**Exercise details:** From the records below, please repeat exactly the line that has "u T P (p x)", the line that has "by (intro bounded_linear_intros)", and every line between them, and nothing else.

**Exercise materials:**
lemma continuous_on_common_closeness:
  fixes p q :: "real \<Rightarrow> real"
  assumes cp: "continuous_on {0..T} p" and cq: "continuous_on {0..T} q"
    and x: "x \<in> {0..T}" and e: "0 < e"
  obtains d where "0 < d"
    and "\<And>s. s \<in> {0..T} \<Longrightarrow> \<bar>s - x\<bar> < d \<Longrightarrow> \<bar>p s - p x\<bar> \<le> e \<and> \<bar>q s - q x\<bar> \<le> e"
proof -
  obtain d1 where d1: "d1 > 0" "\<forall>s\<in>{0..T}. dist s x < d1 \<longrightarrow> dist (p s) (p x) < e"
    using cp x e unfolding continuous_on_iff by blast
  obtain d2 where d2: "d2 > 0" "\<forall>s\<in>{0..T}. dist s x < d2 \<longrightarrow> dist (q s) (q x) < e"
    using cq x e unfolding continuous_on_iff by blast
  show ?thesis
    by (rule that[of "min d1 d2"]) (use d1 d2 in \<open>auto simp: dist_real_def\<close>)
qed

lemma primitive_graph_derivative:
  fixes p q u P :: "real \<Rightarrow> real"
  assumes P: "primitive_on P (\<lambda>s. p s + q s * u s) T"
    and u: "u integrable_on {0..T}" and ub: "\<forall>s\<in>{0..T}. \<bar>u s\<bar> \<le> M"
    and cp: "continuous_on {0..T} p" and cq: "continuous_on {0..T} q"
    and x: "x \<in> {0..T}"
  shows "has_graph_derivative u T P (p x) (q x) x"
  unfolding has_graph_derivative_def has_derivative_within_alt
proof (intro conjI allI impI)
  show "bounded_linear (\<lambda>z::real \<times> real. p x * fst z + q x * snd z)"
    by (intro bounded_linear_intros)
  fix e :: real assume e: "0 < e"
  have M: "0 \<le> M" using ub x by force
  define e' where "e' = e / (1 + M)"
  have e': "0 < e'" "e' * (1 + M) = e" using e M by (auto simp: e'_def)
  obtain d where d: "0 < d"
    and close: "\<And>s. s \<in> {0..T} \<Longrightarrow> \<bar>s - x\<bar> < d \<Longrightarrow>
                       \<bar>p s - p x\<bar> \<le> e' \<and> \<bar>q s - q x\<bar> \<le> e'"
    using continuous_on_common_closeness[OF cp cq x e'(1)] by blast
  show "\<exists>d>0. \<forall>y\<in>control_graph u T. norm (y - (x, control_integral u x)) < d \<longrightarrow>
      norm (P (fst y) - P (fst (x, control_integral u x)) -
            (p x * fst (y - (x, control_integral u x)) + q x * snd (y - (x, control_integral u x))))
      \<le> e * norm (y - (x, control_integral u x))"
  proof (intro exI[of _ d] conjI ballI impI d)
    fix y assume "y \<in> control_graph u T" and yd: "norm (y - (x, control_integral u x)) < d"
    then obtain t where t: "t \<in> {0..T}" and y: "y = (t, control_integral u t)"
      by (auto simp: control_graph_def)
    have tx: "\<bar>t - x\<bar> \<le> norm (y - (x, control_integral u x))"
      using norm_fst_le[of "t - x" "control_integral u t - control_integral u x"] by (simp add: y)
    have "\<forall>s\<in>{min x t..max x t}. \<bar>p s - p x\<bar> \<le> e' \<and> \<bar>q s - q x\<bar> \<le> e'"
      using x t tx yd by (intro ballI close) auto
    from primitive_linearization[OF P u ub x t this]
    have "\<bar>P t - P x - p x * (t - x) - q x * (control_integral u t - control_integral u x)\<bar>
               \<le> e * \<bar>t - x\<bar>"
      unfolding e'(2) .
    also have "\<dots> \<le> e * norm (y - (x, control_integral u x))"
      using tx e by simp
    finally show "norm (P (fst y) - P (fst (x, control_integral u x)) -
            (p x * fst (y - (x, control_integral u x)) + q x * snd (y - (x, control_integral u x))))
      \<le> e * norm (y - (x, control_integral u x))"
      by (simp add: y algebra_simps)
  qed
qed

**Output:**
  shows "has_graph_derivative u T P (p x) (q x) x"
  unfolding has_graph_derivative_def has_derivative_within_alt
proof (intro conjI allI impI)
  show "bounded_linear (\<lambda>z::real \<times> real. p x * fst z + q x * snd z)"
    by (intro bounded_linear_intros)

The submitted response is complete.